Quantitative GUS Activity Assay

GUS activity was assayed according to Jefferson et al. (1987) with some modifications. Briefly, cotyledon samples were ground in liquid nitrogen and subsequently homogenized in 4-methylumbelliferyl-β-d-glucuronide extraction buffer (approximately 150 mg tissue fresh weight mL^–1) composed of 50 mm HEPES-KOH (pH 7), 5 mm DTT, and 0.5% (w/v) polyvinylpyrrolidone. After centrifugation (13,000g, 20 min, and 4°C), 200-µL aliquots of the supernatant were mixed with 200 µL of GUS assay buffer composed of 50 mm HEPES-KOH (pH 7), 5 mm DTT, 10 mm EDTA, and 2 mm 4-methylumbelliferyl-β-d-glucuronide and incubated at 37°C for 30 min.
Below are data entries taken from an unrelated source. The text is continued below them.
lemma transport_independent:
  assumes K: "subgroupoid K G s t m iv"
    and b: "b \<in> fixed_ring (isotropy K s t z) iv e \<alpha> (Sg e z)"
    and h1: "h1 \<in> K" "s h1 = z" and k: "k \<in> K" "t h1 = s k"
    and h2: "h2 \<in> K" "s h2 = z" "t h2 = t k"
  shows "\<alpha> k (\<alpha> h1 b) = \<alpha> h2 b"
proof -
  have KG: "K \<subseteq> G"
    using subgroupoid_subset[OF K] .
  define kh1 where "kh1 = m k h1"
  have kh1: "kh1 \<in> K" "kh1 \<in> G" "s kh1 = z" "t kh1 = t k"
    using subgroupoid_comp_closed[OF K k(1) h1(1)] comp_closed[of k h1] KG h1 k
    unfolding kh1_def by auto
  define g where "g = m (iv h2) kh1"
  have iv_h2: "iv h2 \<in> K" "iv h2 \<in> G" "s (iv h2) = t k" "t (iv h2) = z"
    using subgroupoid_closed[OF K h2(1)] inverse_laws[of h2] KG h2 by auto
  have g: "g \<in> K" "g \<in> G" "s g = z" "t g = z"
    using subgroupoid_comp_closed[OF K iv_h2(1) kh1(1)] comp_closed[of "iv h2" kh1] iv_h2 kh1 KG
    unfolding g_def by auto
  have h2_g: "m h2 g = kh1"
  proof -
    have "m h2 g = m (m h2 (iv h2)) kh1"
      using comp_assoc[of h2 "iv h2" kh1] iv_h2 kh1 h2 KG unfolding g_def by auto
    also have "\<dots> = kh1"
      using inverse_laws(4)[of h2] comp_identities(1)[OF kh1(2)] kh1 h2 KG by auto
    finally show ?thesis .
  qed
  have b_Sg: "b \<in> Sg e (iv kh1)"
    using b unit_inverse[OF kh1(2)] kh1(3) unfolding fixed_ring_def Sg_def by simp
  have "\<alpha> k (\<alpha> h1 b) = \<alpha> kh1 b"
    using action_comp[of k h1 b] k h1 KG b_Sg unfolding kh1_def by auto
  also have "\<dots> = \<alpha> h2 (\<alpha> g b)"
    using action_comp[of h2 g b] h2 g KG b_Sg h2_g by auto
  also have "\<alpha> g b = b"
    using isotropy_fixes[OF b KG g(1)] g by simp
  finally show ?thesis .
qed

end

section \<open>Decomposition of the invariants\<close>

locale unit_decomposition = unital_global_action +
  assumes finite_objs: "finite (objs G s)"
    and units_orthogonal: "\<forall>x\<in>objs G s. \<forall>z\<in>objs G s. x \<noteq> z \<longrightarrow> e x * e z = 0"
    and units_sum: "(\<Sum>x\<in>objs G s. e x) = 1"
begin

lemma sum_mult_units: "a = (\<Sum>x\<in>objs G s. a * e x)"
  using units_sum by (metis mult.right_neutral sum_distrib_left)

lemma sum_mult_unit:
  assumes T: "\<forall>x\<in>objs G s. T x * e x = T x" and z: "z \<in> objs G s"
  shows "(\<Sum>x\<in>objs G s. T x) * e z = T z"
proof -
  have "(\<Sum>x\<in>objs G s. T x) * e z = (\<Sum>x\<in>objs G s. T x * e x * e z)"
    using T by (simp add: sum_distrib_right)
  also have "\<dots> = T z * e z * e z"
    using units_orthogonal z finite_objs by (subst sum.remove[of _ z]) (auto simp: mult.assoc)
  also have "\<dots> = T z"
    using T z by simp
  finally show ?thesis .
qed

context
  fixes H and P :: "'p set" and r
  assumes H: "subgroupoid H G s t m iv"
    and transversal: "connectivity_transversal H s t (objs G s) P r"
begin

lemma representative_unique:
  assumes "p \<in> P" "q \<in> P" "gconn H s t (r p) x" "gconn H s t (r q) x"
  shows "p = q"
  using assms transversal gconn_sym[OF H] gconn_trans[OF H]
  unfolding connectivity_transversal_def by blast

lemma representative_obj: "p \<in> P \<Longrightarrow> r p \<in> objs G s"
  using transversal unfolding connectivity_transversal_def by blast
Subsequently, aliquots of 100 µL were taken from each tube, the reactions were stopped with 2.9 mL of 0.2 m Na₂CO₃ (pH 9.5), and fluorescence was determined using a spectrofluorometer (LS55; Perkin Elmer) with 365-nm excitation and 460-nm emission wavelengths (5-nm bandwidth). Fluorescence was measured at the same instrument settings in all experiments.